*** Begin section ***
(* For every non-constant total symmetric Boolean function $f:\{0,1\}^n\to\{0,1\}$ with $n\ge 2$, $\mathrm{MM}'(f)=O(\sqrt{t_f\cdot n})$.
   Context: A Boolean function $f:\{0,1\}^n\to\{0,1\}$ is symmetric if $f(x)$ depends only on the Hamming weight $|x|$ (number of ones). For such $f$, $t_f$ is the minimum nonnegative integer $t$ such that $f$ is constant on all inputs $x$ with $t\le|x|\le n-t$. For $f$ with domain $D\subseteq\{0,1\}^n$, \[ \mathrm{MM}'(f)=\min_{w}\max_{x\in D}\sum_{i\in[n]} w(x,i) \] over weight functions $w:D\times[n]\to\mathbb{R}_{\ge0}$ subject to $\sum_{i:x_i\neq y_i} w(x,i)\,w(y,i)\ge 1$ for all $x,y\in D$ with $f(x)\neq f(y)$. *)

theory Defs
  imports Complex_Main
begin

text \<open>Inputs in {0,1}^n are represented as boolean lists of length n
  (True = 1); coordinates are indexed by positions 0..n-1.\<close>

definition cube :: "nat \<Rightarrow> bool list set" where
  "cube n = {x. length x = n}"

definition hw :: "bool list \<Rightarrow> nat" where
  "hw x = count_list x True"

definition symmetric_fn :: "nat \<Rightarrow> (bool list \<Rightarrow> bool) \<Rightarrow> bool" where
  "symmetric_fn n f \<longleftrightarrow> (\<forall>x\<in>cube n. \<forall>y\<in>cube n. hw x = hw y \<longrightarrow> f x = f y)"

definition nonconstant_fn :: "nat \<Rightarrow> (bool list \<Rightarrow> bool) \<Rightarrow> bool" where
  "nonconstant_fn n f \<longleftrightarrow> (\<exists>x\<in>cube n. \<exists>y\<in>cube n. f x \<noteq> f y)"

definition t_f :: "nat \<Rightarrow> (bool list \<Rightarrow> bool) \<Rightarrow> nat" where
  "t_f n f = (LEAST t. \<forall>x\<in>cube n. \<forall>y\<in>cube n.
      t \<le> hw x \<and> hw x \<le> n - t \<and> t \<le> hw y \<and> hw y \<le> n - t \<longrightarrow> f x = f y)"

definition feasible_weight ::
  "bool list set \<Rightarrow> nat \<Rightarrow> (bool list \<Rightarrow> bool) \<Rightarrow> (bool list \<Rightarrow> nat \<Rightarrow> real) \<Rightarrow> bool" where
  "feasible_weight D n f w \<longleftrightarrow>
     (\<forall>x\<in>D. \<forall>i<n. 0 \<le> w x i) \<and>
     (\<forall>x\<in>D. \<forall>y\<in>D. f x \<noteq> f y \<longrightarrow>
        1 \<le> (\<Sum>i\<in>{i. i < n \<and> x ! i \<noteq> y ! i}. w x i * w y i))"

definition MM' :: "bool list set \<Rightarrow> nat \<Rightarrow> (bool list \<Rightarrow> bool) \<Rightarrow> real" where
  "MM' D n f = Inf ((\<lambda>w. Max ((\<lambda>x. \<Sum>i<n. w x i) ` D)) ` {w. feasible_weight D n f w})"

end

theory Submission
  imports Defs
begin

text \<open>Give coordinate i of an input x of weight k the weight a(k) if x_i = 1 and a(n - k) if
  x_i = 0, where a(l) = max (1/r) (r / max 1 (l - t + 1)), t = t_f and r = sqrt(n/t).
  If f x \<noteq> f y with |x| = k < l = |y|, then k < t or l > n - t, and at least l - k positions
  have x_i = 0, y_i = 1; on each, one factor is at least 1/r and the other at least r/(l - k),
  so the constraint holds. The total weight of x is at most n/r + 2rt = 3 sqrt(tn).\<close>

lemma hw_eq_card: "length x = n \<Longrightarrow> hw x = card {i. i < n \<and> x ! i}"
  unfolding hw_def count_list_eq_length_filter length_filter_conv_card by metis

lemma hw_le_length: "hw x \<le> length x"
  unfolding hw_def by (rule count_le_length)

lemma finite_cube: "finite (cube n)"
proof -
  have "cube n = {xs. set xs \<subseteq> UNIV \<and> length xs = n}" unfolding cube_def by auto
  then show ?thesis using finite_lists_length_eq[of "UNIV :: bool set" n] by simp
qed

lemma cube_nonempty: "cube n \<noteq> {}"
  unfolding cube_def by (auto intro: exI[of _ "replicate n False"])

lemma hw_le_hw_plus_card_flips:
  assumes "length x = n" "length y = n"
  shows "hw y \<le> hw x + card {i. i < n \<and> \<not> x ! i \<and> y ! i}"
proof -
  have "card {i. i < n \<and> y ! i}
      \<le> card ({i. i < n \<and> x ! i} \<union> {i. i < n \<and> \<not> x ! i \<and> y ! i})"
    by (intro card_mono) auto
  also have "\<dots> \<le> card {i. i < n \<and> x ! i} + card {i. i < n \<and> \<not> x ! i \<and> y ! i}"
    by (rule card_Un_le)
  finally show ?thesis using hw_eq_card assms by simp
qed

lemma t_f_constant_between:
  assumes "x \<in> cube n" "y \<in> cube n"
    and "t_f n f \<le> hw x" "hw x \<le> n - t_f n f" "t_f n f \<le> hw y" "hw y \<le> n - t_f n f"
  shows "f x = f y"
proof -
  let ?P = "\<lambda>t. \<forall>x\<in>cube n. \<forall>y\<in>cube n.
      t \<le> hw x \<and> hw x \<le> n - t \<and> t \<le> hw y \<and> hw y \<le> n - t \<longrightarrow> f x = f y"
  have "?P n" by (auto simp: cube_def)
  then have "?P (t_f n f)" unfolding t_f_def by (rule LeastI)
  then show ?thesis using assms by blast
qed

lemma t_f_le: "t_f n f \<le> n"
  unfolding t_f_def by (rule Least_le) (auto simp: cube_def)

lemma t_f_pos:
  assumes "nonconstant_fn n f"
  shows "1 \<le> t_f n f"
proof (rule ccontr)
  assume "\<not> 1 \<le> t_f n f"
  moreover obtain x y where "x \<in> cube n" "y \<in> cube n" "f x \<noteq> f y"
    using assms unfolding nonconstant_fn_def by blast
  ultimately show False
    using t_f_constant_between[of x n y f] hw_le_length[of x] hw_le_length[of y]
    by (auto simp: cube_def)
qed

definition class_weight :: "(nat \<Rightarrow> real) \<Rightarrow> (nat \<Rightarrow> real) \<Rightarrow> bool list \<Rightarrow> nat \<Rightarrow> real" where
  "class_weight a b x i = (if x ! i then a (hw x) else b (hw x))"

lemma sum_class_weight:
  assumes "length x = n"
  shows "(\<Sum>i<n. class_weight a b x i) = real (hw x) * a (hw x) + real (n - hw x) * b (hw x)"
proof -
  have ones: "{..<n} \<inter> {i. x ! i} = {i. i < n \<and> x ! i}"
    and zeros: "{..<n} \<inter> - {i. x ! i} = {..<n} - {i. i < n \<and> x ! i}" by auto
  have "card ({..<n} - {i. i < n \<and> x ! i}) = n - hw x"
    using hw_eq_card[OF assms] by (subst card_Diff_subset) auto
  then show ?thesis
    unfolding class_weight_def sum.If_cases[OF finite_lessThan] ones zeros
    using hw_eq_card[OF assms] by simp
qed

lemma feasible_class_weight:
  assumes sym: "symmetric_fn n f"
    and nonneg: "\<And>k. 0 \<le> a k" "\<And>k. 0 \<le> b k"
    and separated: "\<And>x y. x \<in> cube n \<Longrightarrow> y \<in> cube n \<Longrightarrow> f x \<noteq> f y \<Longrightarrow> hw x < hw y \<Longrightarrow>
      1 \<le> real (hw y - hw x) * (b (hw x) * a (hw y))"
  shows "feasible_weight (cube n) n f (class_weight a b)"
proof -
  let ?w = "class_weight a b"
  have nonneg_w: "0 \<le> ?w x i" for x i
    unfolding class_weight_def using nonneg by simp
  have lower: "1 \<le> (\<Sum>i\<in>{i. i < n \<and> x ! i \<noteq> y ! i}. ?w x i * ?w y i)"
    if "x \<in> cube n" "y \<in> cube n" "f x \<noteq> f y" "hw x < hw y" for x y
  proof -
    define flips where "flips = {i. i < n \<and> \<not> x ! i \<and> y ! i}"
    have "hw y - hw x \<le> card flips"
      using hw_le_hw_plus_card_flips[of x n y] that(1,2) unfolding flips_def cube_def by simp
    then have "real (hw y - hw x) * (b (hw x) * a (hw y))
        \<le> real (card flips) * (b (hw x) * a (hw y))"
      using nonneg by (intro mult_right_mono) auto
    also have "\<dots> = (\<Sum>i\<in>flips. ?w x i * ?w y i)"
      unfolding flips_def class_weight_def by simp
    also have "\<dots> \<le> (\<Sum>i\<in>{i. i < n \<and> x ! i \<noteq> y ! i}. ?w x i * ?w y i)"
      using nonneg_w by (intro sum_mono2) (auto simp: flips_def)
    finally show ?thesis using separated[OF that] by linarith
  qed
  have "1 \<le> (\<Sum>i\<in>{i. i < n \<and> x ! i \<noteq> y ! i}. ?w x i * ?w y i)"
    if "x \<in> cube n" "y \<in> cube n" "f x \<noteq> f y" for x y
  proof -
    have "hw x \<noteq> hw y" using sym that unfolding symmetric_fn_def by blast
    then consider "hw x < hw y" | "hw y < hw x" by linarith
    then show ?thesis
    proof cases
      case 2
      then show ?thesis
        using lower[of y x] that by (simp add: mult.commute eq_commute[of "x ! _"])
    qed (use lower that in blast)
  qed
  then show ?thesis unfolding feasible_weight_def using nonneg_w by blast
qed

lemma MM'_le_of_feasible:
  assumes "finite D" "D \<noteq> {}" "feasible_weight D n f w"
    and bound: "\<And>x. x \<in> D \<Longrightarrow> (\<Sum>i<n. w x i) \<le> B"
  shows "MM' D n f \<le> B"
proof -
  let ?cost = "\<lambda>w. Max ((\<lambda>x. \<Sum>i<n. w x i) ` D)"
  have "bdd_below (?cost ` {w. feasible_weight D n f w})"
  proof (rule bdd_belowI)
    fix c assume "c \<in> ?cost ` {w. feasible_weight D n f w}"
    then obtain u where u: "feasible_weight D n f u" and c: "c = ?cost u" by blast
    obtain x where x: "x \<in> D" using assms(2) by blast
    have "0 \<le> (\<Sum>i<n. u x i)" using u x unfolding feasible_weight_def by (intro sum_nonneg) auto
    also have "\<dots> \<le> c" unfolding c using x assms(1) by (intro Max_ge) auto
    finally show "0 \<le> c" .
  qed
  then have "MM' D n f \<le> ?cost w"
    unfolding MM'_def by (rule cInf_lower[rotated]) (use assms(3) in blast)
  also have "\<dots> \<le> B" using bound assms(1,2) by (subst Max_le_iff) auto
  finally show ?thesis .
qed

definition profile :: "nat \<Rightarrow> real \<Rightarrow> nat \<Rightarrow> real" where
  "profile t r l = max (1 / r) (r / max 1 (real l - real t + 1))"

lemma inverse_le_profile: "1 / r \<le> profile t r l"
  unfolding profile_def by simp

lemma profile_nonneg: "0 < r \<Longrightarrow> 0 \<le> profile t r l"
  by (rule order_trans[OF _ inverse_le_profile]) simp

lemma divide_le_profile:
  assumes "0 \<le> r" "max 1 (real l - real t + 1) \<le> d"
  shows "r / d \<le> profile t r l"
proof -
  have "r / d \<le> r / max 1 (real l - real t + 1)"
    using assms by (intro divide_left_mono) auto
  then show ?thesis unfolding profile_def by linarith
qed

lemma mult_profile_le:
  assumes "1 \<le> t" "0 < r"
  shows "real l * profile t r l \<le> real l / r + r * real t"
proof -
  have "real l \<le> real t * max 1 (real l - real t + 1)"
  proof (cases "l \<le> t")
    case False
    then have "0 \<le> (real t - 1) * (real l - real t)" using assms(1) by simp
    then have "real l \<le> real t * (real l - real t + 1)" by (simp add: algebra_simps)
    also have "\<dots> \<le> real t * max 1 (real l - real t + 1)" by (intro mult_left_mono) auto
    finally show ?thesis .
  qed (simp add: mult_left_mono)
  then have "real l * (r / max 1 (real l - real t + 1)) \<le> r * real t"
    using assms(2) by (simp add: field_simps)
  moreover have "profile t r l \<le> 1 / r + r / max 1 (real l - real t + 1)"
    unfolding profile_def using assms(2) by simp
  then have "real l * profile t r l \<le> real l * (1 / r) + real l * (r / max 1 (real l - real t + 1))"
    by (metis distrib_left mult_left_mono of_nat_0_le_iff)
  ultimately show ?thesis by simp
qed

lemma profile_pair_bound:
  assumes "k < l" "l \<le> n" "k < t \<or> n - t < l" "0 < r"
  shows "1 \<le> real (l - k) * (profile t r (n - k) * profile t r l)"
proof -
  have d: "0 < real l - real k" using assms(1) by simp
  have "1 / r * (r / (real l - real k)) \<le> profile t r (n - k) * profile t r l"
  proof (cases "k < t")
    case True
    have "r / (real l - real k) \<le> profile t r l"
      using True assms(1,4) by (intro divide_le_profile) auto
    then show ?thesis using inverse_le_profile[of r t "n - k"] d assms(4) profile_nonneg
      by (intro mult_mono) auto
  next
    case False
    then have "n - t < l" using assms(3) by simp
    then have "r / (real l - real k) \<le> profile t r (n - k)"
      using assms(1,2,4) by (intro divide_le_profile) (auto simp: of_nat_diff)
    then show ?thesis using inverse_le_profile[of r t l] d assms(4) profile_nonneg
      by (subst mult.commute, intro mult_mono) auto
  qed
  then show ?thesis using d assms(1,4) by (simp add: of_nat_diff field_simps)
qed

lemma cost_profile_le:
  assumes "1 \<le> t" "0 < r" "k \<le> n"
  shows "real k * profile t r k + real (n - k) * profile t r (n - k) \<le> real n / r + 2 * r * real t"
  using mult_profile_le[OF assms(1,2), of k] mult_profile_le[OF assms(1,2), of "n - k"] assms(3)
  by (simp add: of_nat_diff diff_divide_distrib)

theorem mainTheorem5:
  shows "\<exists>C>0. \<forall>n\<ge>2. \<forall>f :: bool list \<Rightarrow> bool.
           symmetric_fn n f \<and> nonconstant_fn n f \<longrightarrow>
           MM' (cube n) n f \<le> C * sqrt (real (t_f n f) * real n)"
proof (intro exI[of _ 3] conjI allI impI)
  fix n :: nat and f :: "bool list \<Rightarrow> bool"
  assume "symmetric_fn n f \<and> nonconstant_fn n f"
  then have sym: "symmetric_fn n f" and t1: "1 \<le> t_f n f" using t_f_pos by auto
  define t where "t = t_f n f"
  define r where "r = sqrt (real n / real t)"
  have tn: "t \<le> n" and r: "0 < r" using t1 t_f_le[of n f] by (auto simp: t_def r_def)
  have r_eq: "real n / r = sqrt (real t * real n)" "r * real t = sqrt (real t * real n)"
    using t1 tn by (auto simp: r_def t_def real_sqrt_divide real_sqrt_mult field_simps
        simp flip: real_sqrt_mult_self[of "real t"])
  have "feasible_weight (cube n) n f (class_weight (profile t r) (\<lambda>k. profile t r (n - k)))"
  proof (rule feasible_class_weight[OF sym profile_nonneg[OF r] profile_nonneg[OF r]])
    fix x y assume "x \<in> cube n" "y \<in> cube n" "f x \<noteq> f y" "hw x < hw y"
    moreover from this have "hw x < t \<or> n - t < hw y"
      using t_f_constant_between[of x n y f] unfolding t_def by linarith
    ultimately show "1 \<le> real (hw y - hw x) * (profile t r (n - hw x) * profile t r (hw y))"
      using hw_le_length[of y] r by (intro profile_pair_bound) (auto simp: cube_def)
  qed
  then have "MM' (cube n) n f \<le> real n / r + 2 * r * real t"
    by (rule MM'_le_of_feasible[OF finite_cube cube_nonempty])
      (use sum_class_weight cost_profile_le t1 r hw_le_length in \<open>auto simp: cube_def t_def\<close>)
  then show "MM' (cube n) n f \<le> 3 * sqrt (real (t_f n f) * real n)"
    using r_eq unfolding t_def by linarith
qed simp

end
*** End section ***
*** Begin section ***
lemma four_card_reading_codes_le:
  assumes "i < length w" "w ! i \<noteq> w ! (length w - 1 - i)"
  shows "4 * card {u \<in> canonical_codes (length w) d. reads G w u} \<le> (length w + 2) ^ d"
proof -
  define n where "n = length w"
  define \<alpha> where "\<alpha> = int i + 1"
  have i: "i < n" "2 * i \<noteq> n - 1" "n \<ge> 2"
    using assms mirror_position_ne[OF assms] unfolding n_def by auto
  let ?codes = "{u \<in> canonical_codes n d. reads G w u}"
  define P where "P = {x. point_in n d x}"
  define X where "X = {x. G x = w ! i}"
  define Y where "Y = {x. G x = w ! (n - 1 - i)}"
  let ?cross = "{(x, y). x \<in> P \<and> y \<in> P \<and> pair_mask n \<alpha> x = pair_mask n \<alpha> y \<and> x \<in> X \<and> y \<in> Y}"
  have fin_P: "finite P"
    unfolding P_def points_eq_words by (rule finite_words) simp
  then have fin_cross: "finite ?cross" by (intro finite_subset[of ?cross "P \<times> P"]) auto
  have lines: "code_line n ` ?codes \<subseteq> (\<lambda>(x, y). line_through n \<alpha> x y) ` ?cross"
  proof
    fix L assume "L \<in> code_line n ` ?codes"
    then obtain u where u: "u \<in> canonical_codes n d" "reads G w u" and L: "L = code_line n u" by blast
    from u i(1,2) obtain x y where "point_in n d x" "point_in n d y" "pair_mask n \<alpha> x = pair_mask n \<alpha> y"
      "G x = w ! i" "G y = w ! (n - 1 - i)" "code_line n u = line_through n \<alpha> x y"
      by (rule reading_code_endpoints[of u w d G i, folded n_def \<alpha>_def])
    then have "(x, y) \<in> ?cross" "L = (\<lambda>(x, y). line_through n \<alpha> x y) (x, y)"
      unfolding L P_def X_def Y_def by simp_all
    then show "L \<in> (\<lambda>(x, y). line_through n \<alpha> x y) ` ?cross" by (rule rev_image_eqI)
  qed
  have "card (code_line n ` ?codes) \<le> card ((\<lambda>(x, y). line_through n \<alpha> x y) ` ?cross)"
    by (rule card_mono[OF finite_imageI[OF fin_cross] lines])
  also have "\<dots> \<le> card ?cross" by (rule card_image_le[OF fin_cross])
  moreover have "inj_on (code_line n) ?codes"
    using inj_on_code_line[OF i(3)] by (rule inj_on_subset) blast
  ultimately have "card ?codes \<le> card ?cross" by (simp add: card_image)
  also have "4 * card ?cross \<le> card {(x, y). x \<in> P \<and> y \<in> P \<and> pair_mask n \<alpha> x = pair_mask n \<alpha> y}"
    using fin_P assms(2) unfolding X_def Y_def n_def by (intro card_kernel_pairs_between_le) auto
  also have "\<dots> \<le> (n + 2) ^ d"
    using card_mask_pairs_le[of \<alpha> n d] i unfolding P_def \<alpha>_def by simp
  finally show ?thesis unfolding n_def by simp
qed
*** End section ***
▸ **Instructions to follow**
Only the number is needed: state how many lines in the listing contain "linarith".

▸ **Solution for this task**
5